Killer's Kiss is a 1955 American independent film noir directed, photographed, edited, and produced by Stanley Kubrick and written by Kubrick and Howard Sackler. It is the second feature film directed by Kubrick, following his 1953 debut feature, Fear and Desire. The film stars Jamie Smith, Irene Kane, and Frank Silvera.

The film is about Davey Gordon (Jamie Smith), a 29-year-old middleweight New York boxer at the end of his career, and his relationship with his neighbor, taxi dancer Gloria Price (Irene Kane), and her violent employer Vincent Rapallo (Frank Silvera).

==Plot==
In New York, veteran welterweight boxer Davey Gordon lives in the same building as taxi dancer Gloria Price. Their windows face each other, and they steal glances at one another. The two leave their building at the same time to report to their jobs: Davey prepares to fight newcomer Kid Rodriguez, and Gloria is picked up by Vinnie Rapallo, her boss at a dance hall. Davey's fight with Kid Rodriguez is televised, and Rapallo brings Gloria to his office, both to watch the fight and to make sexual advances. After Davey is knocked out, he goes home and takes a phone call from his uncle, who wants Davey to return to the family farm near Seattle. Davey falls asleep but is awakened from a nightmare by Gloria's screaming. He sees that Rapallo is assaulting her, shouts at Rapallo to scare him off, and runs across the roof of the building to reach Gloria's apartment, finding her unharmed.

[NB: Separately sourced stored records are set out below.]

lemma way_below_restrict_map_compactin:
  assumes s: "s \<in> sym_pseudogroup X" and V: "openin X V"
    and K: "compactin X K" "V \<subseteq> K" "K \<subseteq> dom s"
  shows "pg_way_below X (s |` V) s"
  unfolding way_below_def
proof (intro allI impI)
  fix D s'
  assume D: "directed_in (sym_pg_le X) (sym_pseudogroup X) D"
    and sup: "is_sup_in (sym_pg_le X) (sym_pseudogroup X) D s'" and "sym_pg_le X s s'"
  have D_sub: "D \<subseteq> sym_pseudogroup X"
    using D by (simp add: directed_in_def)
  have "dom s \<subseteq> dom s'"
    using \<open>sym_pg_le X s s'\<close> by (simp add: sym_pg_le_iff)
  then have "K \<subseteq> \<Union>(dom ` D)"
    using K(3) dom_sup_subset_Union_dom[OF D_sub sup] by (meson order_trans)
  moreover have "\<forall>U\<in>dom ` D. openin X U"
    using D_sub by (auto intro: openin_dom_sym_pseudogroup)
  moreover have "\<forall>\<U>. (\<forall>U\<in>\<U>. openin X U) \<and> K \<subseteq> \<Union>\<U> \<longrightarrow> (\<exists>\<F>. finite \<F> \<and> \<F> \<subseteq> \<U> \<and> K \<subseteq> \<Union>\<F>)"
    using K(1) by (simp add: compactin_def)
  ultimately have "\<exists>\<F>. finite \<F> \<and> \<F> \<subseteq> dom ` D \<and> K \<subseteq> \<Union>\<F>"
    by blast
  then obtain \<F> where "finite \<F>" "\<F> \<subseteq> dom ` D" "K \<subseteq> \<Union>\<F>"
    by blast
  then obtain F where F: "F \<subseteq> D" "finite F" "\<F> = dom ` F"
    by (meson finite_subset_image)
  obtain d where d: "d \<in> D" "\<forall>f\<in>F. sym_pg_le X f d"
    using directed_in_finite_upper_bound[OF D transp_sym_pg_le F(2,1)] by blast
  have "\<Union>(dom ` F) \<subseteq> dom d"
    using d(2) by (simp add: sym_pg_le_iff UN_subset_iff)
  then have "K \<subseteq> dom d"
    using \<open>K \<subseteq> \<Union>\<F>\<close> F(3) by blast
  moreover have "s x = d x" if "x \<in> K" for x
  proof -
    have "sym_pg_le X d s'"
      using sup d(1) by (simp add: is_sup_in_def)
    moreover have "x \<in> dom d" "x \<in> dom s"
      using that K(3) \<open>K \<subseteq> dom d\<close> by auto
    ultimately show ?thesis
      using \<open>sym_pg_le X s s'\<close> by (simp add: sym_pg_le_iff)
  qed
  moreover have "dom (s |` V) = V"
    using K(2,3) by auto
  ultimately have "sym_pg_le X (s |` V) d"
    using V K(2) unfolding sym_pg_le_iff by auto
  then show "\<exists>d\<in>D. sym_pg_le X (s |` V) d"
    using d(1) by blast
qed

lemma way_below_finite_subcover:
  assumes s: "s \<in> sym_pseudogroup X" and t: "pg_way_below X t s"
    and \<O>_open: "\<And>B. B \<in> \<O> \<Longrightarrow> openin X B" and cover: "dom s \<subseteq> \<Union>\<O>"
  obtains F where "finite F" "F \<subseteq> \<O>" "dom t \<subseteq> \<Union>F"
proof -
  define \<V> where "\<V> = {\<Union>F | F. finite F \<and> F \<subseteq> \<O>}"
  have \<V>_open: "\<And>V. V \<in> \<V> \<Longrightarrow> openin X V"
    using \<O>_open unfolding \<V>_def by blast
  have \<V>_cover: "dom s \<subseteq> \<Union>\<V>"
  proof
    fix x assume "x \<in> dom s"
    then obtain B where "B \<in> \<O>" "x \<in> B"
      using cover by blast
    then have "\<Union>{B} \<in> \<V>"
      unfolding \<V>_def by blast
    then show "x \<in> \<Union>\<V>"
      using \<open>x \<in> B\<close> by auto
  qed
  have "directed_in (sym_pg_le X) (sym_pseudogroup X) ((\<lambda>V. s |` V) ` \<V>)"
  proof (rule directed_in_restrictions[OF s _ \<V>_open])
    show "\<V> \<noteq> {}"
      unfolding \<V>_def by blast
  next
    fix V W assume "V \<in> \<V>" "W \<in> \<V>"
    then obtain F G where "finite F" "F \<subseteq> \<O>" "V = \<Union>F" "finite G" "G \<subseteq> \<O>" "W = \<Union>G"
      unfolding \<V>_def by blast
    then have "\<Union>(F \<union> G) \<in> \<V>" "V \<union> W \<subseteq> \<Union>(F \<union> G)"
      unfolding \<V>_def by (auto intro!: exI[of _ "F \<union> G"])
    then show "\<exists>Z\<in>\<V>. V \<union> W \<subseteq> Z"
      by blast
  qed
  moreover have "is_sup_in (sym_pg_le X) (sym_pseudogroup X) ((\<lambda>V. s |` V) ` \<V>) s"
    using s \<V>_open \<V>_cover by (rule is_sup_in_restrictions)
  ultimately obtain V where "V \<in> \<V>" "sym_pg_le X t (s |` V)"
    using t sym_pg_le_refl[OF s] unfolding way_below_def by blast
  then obtain F where "finite F" "F \<subseteq> \<O>" "dom t \<subseteq> \<Union>F"
    unfolding \<V>_def by (auto simp: sym_pg_le_iff)
  then show thesis
    by (rule that)
qed

lemma closure_of_dom_subset_if_way_below:
  assumes X: "Hausdorff_space X" and s: "s \<in> sym_pseudogroup X" and t: "pg_way_below X t s"
  shows "X closure_of dom t \<subseteq> dom s"
proof
  fix y assume y: "y \<in> X closure_of dom t"
  show "y \<in> dom s"
  proof (rule ccontr)
    assume "y \<notin> dom s"
    define \<O> where "\<O> = {B. openin X B \<and> y \<notin> X closure_of B}"
    have \<O>_open: "\<And>B. B \<in> \<O> \<Longrightarrow> openin X B"
      unfolding \<O>_def by blast
    have \<O>_cover: "dom s \<subseteq> \<Union>\<O>"
    proof
      fix z assume "z \<in> dom s"
      then have "z \<in> topspace X" "z \<noteq> y"
        using openin_subset[OF openin_dom_sym_pseudogroup[OF s]] \<open>y \<notin> dom s\<close> by auto
      moreover have "y \<in> topspace X"
        using y by (simp add: in_closure_of)
      ultimately obtain B N where "openin X B" "openin X N" "z \<in> B" "y \<in> N" "disjnt B N"
        using X unfolding Hausdorff_space_def by blast
      then have "y \<notin> X closure_of B"
        by (meson disjnt_iff in_closure_of)
      then show "z \<in> \<Union>\<O>"
        using \<open>openin X B\<close> \<open>z \<in> B\<close> unfolding \<O>_def by blast
    qed
    obtain F where F: "finite F" "F \<subseteq> \<O>" "dom t \<subseteq> \<Union>F"
      using s t \<O>_open \<O>_cover by (rule way_below_finite_subcover)
    have "X closure_of dom t \<subseteq> X closure_of \<Union>F"
      using F(3) by (rule closure_of_mono)
    also have "\<dots> = (\<Union>B\<in>F. X closure_of B)"
      using F(1) by (rule closure_of_Union)
    finally obtain B where "B \<in> F" "y \<in> X closure_of B"
      using y by blast
    then show False
      using F(2) unfolding \<O>_def by blast
  qed
qed

lemma compactin_if_closedin_subset_way_below:
  assumes s: "s \<in> sym_pseudogroup X" and t: "pg_way_below X t s"
    and K: "closedin X K" "K \<subseteq> dom t"
  shows "compactin X K"
  unfolding compactin_def
proof (intro conjI allI impI)
  show "K \<subseteq> topspace X"
    using K(1) by (rule closedin_subset)
next
  fix \<U> assume \<U>: "(\<forall>U\<in>\<U>. openin X U) \<and> K \<subseteq> \<Union>\<U>"
  let ?C = "topspace X - K"
  have "openin X ?C"
    using K(1) by (rule openin_diff[OF openin_topspace])
  then have C_open: "\<And>B. B \<in> insert ?C \<U> \<Longrightarrow> openin X B"
    using \<U> by blast
  have "dom s \<subseteq> topspace X"
    using openin_dom_sym_pseudogroup[OF s] by (rule openin_subset)
  then have C_cover: "dom s \<subseteq> \<Union>(insert ?C \<U>)"
    using \<U> by blast
  obtain F where F: "finite F" "F \<subseteq> insert ?C \<U>" "dom t \<subseteq> \<Union>F"
    using s t C_open C_cover by (rule way_below_finite_subcover)
  have "K \<subseteq> \<Union>(F - {?C})"
  proof
    fix z assume "z \<in> K"
    then obtain B where "B \<in> F" "z \<in> B"
      using F(3) K(2) by blast
    moreover have "B \<noteq> ?C"
      using \<open>z \<in> K\<close> \<open>z \<in> B\<close> by blast
    ultimately show "z \<in> \<Union>(F - {?C})"
      by blast
  qed
  moreover have "finite (F - {?C})" "F - {?C} \<subseteq> \<U>"
    using F(1,2) by auto
  ultimately show "\<exists>\<F>. finite \<F> \<and> \<F> \<subseteq> \<U> \<and> K \<subseteq> \<Union>\<F>"
    by blast
qed

lemma continuous_poset_way_below_cover:
  assumes C: "continuous_poset (sym_pg_le X) (sym_pseudogroup X)"
    and s: "s \<in> sym_pseudogroup X" and x: "x \<in> dom s"
  obtains t where "t \<in> sym_pseudogroup X" "pg_way_below X t s" "x \<in> dom t"
proof -
  let ?W = "{t\<in>sym_pseudogroup X. pg_way_below X t s}"
  have "?W \<subseteq> sym_pseudogroup X"
    by blast
  moreover have "is_sup_in (sym_pg_le X) (sym_pseudogroup X) ?W s"
    using bspec[OF C[unfolded continuous_poset_def] s] by (rule conjunct2)
  ultimately have "dom s \<subseteq> \<Union>(dom ` ?W)"
    by (rule dom_sup_subset_Union_dom)
  then obtain t where "t \<in> ?W" "x \<in> dom t"
    using x by blast
  then show thesis
    using that by blast
qed

lemma sym_pseudogroup_continuous_if_locally_compact:
  assumes X: "Hausdorff_space X" "locally_compact_space X"
  shows "continuous_poset (sym_pg_le X) (sym_pseudogroup X)"
  unfolding continuous_poset_def
proof
  fix s assume s: "s \<in> sym_pseudogroup X"
  define \<V> where "\<V> = {V. openin X V \<and> (\<exists>K. compactin X K \<and> V \<subseteq> K \<and> K \<subseteq> dom s)}"
  have \<V>_open: "\<And>V. V \<in> \<V> \<Longrightarrow> openin X V"
    unfolding \<V>_def by blast
  have \<V>_cover: "dom s \<subseteq> \<Union>\<V>"
  proof
    fix x assume "x \<in> dom s"
    have "neighbourhood_base_of (compactin X) X"
      using X locally_compact_space_neighbourhood_base by blast
    then have "\<exists>U K. openin X U \<and> compactin X K \<and> x \<in> U \<and> U \<subseteq> K \<and> K \<subseteq> dom s"
      using openin_dom_sym_pseudogroup[OF s] \<open>x \<in> dom s\<close> unfolding neighbourhood_base_of by blast
    then show "x \<in> \<Union>\<V>"
      unfolding \<V>_def by blast
  qed
  have "directed_in (sym_pg_le X) (sym_pseudogroup X) ((\<lambda>V. s |` V) ` \<V>)"
  proof (rule directed_in_restrictions[OF s _ \<V>_open])
    have "{} \<in> \<V>"
      unfolding \<V>_def by (intro CollectI conjI exI[of _ "{}"]) auto
    then show "\<V> \<noteq> {}"
      by blast
  next
    fix V W assume "V \<in> \<V>" "W \<in> \<V>"
    then obtain K L where "openin X V" "compactin X K" "V \<subseteq> K" "K \<subseteq> dom s"
      and "openin X W" "compactin X L" "W \<subseteq> L" "L \<subseteq> dom s"
      unfolding \<V>_def by blast
    then have "V \<union> W \<in> \<V>"
      unfolding \<V>_def by (intro CollectI conjI openin_Un exI[of _ "K \<union> L"] compactin_Un) auto
    then show "\<exists>Z\<in>\<V>. V \<union> W \<subseteq> Z"
      by blast
  qed
  moreover have "is_sup_in (sym_pg_le X) (sym_pseudogroup X) ((\<lambda>V. s |` V) ` \<V>) s"
    using s \<V>_open \<V>_cover by (rule is_sup_in_restrictions)
  moreover have "\<And>q. q \<in> (\<lambda>V. s |` V) ` \<V> \<Longrightarrow> pg_way_below X q s"
    using way_below_restrict_map_compactin[OF s] unfolding \<V>_def by blast
  ultimately show "directed_in (sym_pg_le X) (sym_pseudogroup X) {t\<in>sym_pseudogroup X. pg_way_below X t s}
    \<and> is_sup_in (sym_pg_le X) (sym_pseudogroup X) {t\<in>sym_pseudogroup X. pg_way_below X t s} s"
    by (rule directed_sup_way_below_setI[where le = "sym_pg_le X", OF transp_sym_pg_le sym_pg_le_refl[OF s]])
qed

lemma locally_compact_if_sym_pseudogroup_continuous:
  assumes X: "Hausdorff_space X" and C: "continuous_poset (sym_pg_le X) (sym_pseudogroup X)"
  shows "locally_compact_space X"
  unfolding locally_compact_space_compact_closure_of[OF disjI1[OF X]]
proof
  fix x assume "x \<in> topspace X"
  have id: "Some |` topspace X \<in> sym_pseudogroup X"
    by (simp add: restrict_Some_in_sym_pseudogroup)
  obtain t where t: "t \<in> sym_pseudogroup X" "pg_way_below X t (Some |` topspace X)" "x \<in> dom t"
    using continuous_poset_way_below_cover[OF C id] \<open>x \<in> topspace X\<close> by auto
  obtain u where u: "u \<in> sym_pseudogroup X" "pg_way_below X u t" "x \<in> dom u"
    using continuous_poset_way_below_cover[OF C t(1,3)] by blast
  have "compactin X (X closure_of dom u)"
    using compactin_if_closedin_subset_way_below[OF id t(2)]
      closure_of_dom_subset_if_way_below[OF X t(1) u(2)] by simp
  then show "\<exists>U. openin X U \<and> compactin X (X closure_of U) \<and> x \<in> U"
    using openin_dom_sym_pseudogroup[OF u(1)] u(3) by blast
qed

theorem corollary5p11:
  fixes X :: "'a topology"
  assumes "Hausdorff_space X"
  shows "locally_compact_space X \<longleftrightarrow>
         continuous_poset (sym_pg_le X) (sym_pseudogroup X)"
  using assms sym_pseudogroup_continuous_if_locally_compact
    locally_compact_if_sym_pseudogroup_continuous by blast

end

The next morning, Davey and Gloria share breakfast. Gloria describes her family history: her older sister Iris was an accomplished ballerina, and their mother died while giving birth to Gloria. Gloria's father favored Iris and Gloria resented her. Shortly after their father's death, Iris committed suicide. Davey and Gloria fall for each other and arrange to go to Seattle together after collecting their final payments.

At the dance hall, Rapallo initially refuses to give Gloria her last payment as he sees her lover standing outside. Before she leaves, she insults Rapallo, calling him old and smelly. Meanwhile, thieves steal Davey's scarf and Davey chases after them just before his manager Albert arrives with his final payment. Rapallo speaks to his henchmen, who find Gloria standing next to Albert outside the building. They entice Gloria back inside with the promise of money and then, mistaking Albert for Davey, they chase and kill him. Davey and Gloria reunite and leave with Gloria's payment. At the apartment building, Davey vacates his unit and crosses the roof to Gloria's, finding it empty as well. Looking across to his old window, Davey observes police searching for him because they suspect him in the murder of his manager.

Davey stalks Rapallo and, at gunpoint, forces him to drive to a hideout where Gloria is being held prisoner. As Davey attempts to free Gloria, the gangsters overpower him. Gloria begs for her life, kisses Rapallo, and promises to go away with him, but he scorns her even though she claims not to care about Davey. Davey jumps through a window and escapes. Pursued by the gangsters, he uses a fire escape to climb onto a rooftop. Rapallo chases him into a mannequin warehouse, and they fight, Rapallo wielding an axe and Davey a pike pole. Davey kills Rapallo.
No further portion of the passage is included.